Magic Matrix Locations
Use special values in certain matrix locations as flags. A good choice is the [3][0]
element in a transformation matrix used with a homogeneous coordinate system.
Magic Array Slots revisited
If you need several variables of a given type, just define an array of them, then access them by number. Pick a numbering convention that only you know and don’t document it. And don’t bother to define #define
constants for the indexes. Everybody should just know that the global variable widget[15]
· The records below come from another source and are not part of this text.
(* Let $n\ge3$, $\beta>0$, $\gamma\in(1,2]$ with $\beta\gamma<n$, $p,q>0$, $\sigma_1,\sigma_2\in(-\beta\gamma,\infty)$, and suppose $$pq>(\gamma-1)^2\quad\text{and}\quad \max\{q_0,p_0\}<\frac{n-\beta\gamma}{\gamma-1}.$$ Then there exist double bounded functions $c_1,c_2$ such that the system $u(x)=c_1(x)W_{\beta,\gamma}(|y|^{\sigma_1}v^q)(x)$, $v(x)=c_2(x)W_{\beta,\gamma}(|y|^{\sigma_2}u^p)(x)$ ($x\in\mathbb{R}^n$) admits a positive solution.
   Context: For $f\ge 0$, $f\in L^1_{loc}(\mathbb{R}^n)$, the Wolff potential is $W_{\beta,\gamma}(f)(x)=\int_0^\infty\Big(\frac{\int_{B_t(x)}f(y)\,dy}{t^{n-\beta\gamma}}\Big)^{\frac{1}{\gamma-1}}\frac{dt}{t}$, where $B_t(x)$ is the open ball of radius $t$ centered at $x$. A function $c:\mathbb{R}^n\to\mathbb{R}$ is double bounded if there is $C>0$ with $1/C\le c(x)\le C$ for all $x$. A solution of the system is a pair of nonnegative functions $u,v\in L^1_{loc}(\mathbb{R}^n)$ satisfying both equations for a.e. $x$; it is positive if $u,v>0$. For $pq>(\gamma-1)^2$, $q_0=\frac{\beta\gamma(\gamma-1+q)+(\gamma-1)\sigma_1+\sigma_2 q}{pq-(\gamma-1)^2}$, $p_0=\frac{\beta\gamma(\gamma-1+p)+(\gamma-1)\sigma_2+\sigma_1 p}{pq-(\gamma-1)^2}$. *)

theory Defs
  imports "HOL-Analysis.Analysis"
begin

definition ball_mass :: "(real^'n \<Rightarrow> real) \<Rightarrow> real^'n \<Rightarrow> real \<Rightarrow> ennreal" where
  "ball_mass f x t = (\<integral>\<^sup>+ y. ennreal (f y) * indicator (ball x t) y \<partial>lebesgue)"

definition wolff :: "real \<Rightarrow> real \<Rightarrow> (real^'n \<Rightarrow> real) \<Rightarrow> real^'n \<Rightarrow> ennreal" where
  "wolff \<beta> \<gamma> f x =
     (\<integral>\<^sup>+ t. (if ball_mass f x t = \<infinity> then \<infinity>
               else ennreal (((enn2real (ball_mass f x t) / t powr (real CARD('n) - \<beta> * \<gamma>))
                              powr (1 / (\<gamma> - 1))) / t))
            * indicator {0<..} t \<partial>lborel)"

definition L1_loc :: "(real^'n \<Rightarrow> real) \<Rightarrow> bool" where
  "L1_loc f \<longleftrightarrow> f \<in> borel_measurable lebesgue \<and>
     (\<forall>K. compact K \<longrightarrow> set_integrable lebesgue K f)"

definition double_bounded :: "(real^'n \<Rightarrow> real) \<Rightarrow> bool" where
  "double_bounded c \<longleftrightarrow> (\<exists>C>0. \<forall>x. 1 / C \<le> c x \<and> c x \<le> C)"

definition positive_solution ::
  "real \<Rightarrow> real \<Rightarrow> real \<Rightarrow> real \<Rightarrow> real \<Rightarrow> real \<Rightarrow>
   (real^'n \<Rightarrow> real) \<Rightarrow> (real^'n \<Rightarrow> real) \<Rightarrow> (real^'n \<Rightarrow> real) \<Rightarrow> (real^'n \<Rightarrow> real) \<Rightarrow> bool" where
  "positive_solution \<beta> \<gamma> p q \<sigma>1 \<sigma>2 c1 c2 u v \<longleftrightarrow>
     L1_loc u \<and> L1_loc v \<and> (\<forall>x. u x > 0) \<and> (\<forall>x. v x > 0) \<and>
     (AE x in lebesgue. ennreal (u x) = ennreal (c1 x) * wolff \<beta> \<gamma> (\<lambda>y. norm y powr \<sigma>1 * v y powr q) x) \<and>
     (AE x in lebesgue. ennreal (v x) = ennreal (c2 x) * wolff \<beta> \<gamma> (\<lambda>y. norm y powr \<sigma>2 * u y powr p) x)"

definition q0 :: "real \<Rightarrow> real \<Rightarrow> real \<Rightarrow> real \<Rightarrow> real \<Rightarrow> real \<Rightarrow> real" where
  "q0 \<beta> \<gamma> p q \<sigma>1 \<sigma>2 =
     (\<beta> * \<gamma> * (\<gamma> - 1 + q) + (\<gamma> - 1) * \<sigma>1 + \<sigma>2 * q) / (p * q - (\<gamma> - 1)^2)"

definition p0 :: "real \<Rightarrow> real \<Rightarrow> real \<Rightarrow> real \<Rightarrow> real \<Rightarrow> real \<Rightarrow> real" where
  "p0 \<beta> \<gamma> p q \<sigma>1 \<sigma>2 =
     (\<beta> * \<gamma> * (\<gamma> - 1 + p) + (\<gamma> - 1) * \<sigma>2 + \<sigma>1 * p) / (p * q - (\<gamma> - 1)^2)"

end

theory Submission
  imports Defs
begin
is the cancel button. This is just an up-to-date variant on using absolute numerical addresses in assembler code.
Never Beautify
Never use an automated source code tidier (beautifier) to keep your code aligned. Lobby to have them banned them from your company on the grounds they create false deltas in PVCS/CVS (version control tracking) or that every programmer should have his own indenting style held forever sacrosanct for any module he wrote. Insist that other programmers observe those idiosyncratic conventions in “his “ modules. Banning beautifiers is quite easy, even though they save the millions of keystrokes doing manual alignment and days wasted misinterpreting poorly aligned code. Just insist that everyone use the same tidied format, not just for storing in the common repository, but also while they are editing. This starts an RWAR and the boss, to keep the peace, will ban automated tidying. Without automated tidying, you are now free to accidentally misalign the code to give the optical illusion that bodies of loops and ifs are longer or shorter than they really are, or that else clauses match a different if than they really do. e.g.
if(a)
if(b) x=y;
else x=z;
The Macro Preprocessor
It offers great opportunities for obfuscation. The key technique is to nest macro expansions several layers deep so that you have to discover all the various parts in many different *.hpp files. Placing executable code into macros then including those macros in every *.cpp file (even those that never use those macros) will maximize the amount of recompilation necessary if ever that code changes.
Exploit Schizophrenia
Java is schizophrenic about array declarations. You can do them the old C, way String x[]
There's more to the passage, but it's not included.